Others consider Art and Crafts to be in opposition to Art Nouveau. Arts and Crafts indeed criticized Art Nouveau for its use of industrial materials such as iron.

Arts and crafts should be “for the people and by the people” proclaimed by William Morris". Henry van de Velde disagreed. He understood the social discourse of Arts and Crafts, but was not an unconditional disciple of it. He ended turning away from it, considering it as anachronistic and tinged with quixoticism.

In Japan, it emerged in the 1920s as the Mingei movement. It stood for traditional craftsmanship, and often used medieval, romantic, or folk styles of decoration. It advocated economic and social reform and was anti-industrial in its orientation. It had a strong influence on the arts in Europe until it was displaced by Modernism in the 1930s, and its influence continued among craft makers, designers, and town planners long afterwards.

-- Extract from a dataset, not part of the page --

(* Consider a slotted system with diversity. There are $N$ users, $N_{sub}\ge2$ sub-carriers and slots $1,\dots,T$. In every slot, independently, the BS chooses a user uniformly at random among the $N$ users and a sub-carrier uniformly at random among the $N_{sub}$ sub-carriers, and sends an update to the chosen user on the chosen sub-carrier. The adversary uses a blocking matrix $\sigma\in\{0,1\}^{N_{sub}\times T}$, where $\sigma_j(t)=0$ means sub-carrier $j$ is blocked in slot $t$. Feasibility means $\sum_{j,t}(1-\sigma_j(t))\le\alpha T$ and at most one sub-carrier is blocked per slot, where $0<\alpha<1$ and $\alpha T\in\mathbb Z$. Ages satisfy $a_i(1)=1$. Also $a_i(t+1)=1$ if user $i$ is chosen in slot $t$ and the chosen sub-carrier is not blocked in slot $t$, and $a_i(t+1)=a_i(t)+1$ otherwise. The average age is $\Delta^{\sigma}=\frac1T\sum_{t=1}^T\frac1N\sum_i\mathbb E[a_i(t)]$. Then there exists a maximizer of $\Delta^\sigma$ over feasible $\sigma$ that blocks a single sub-carrier in exactly $\alpha T$ consecutive slots and blocks nothing else. *)

theory Defs
  imports Complex_Main "HOL-Library.FuncSet"
begin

The term was first used by T. J. Cobden-Sanderson at a meeting of the Arts and Crafts Exhibition Society in 1887, although the principles and style on which it was based had been developing in England for at least 20 years. It was inspired by the ideas of historian Thomas Carlyle, art critic John Ruskin, and designer William Morris. In Scotland, it is associated with key figures such as Charles Rennie Mackintosh. Viollet le Duc's books on nature and Gothic art also play an essential part in the esthetics of the Arts and Crafts movement.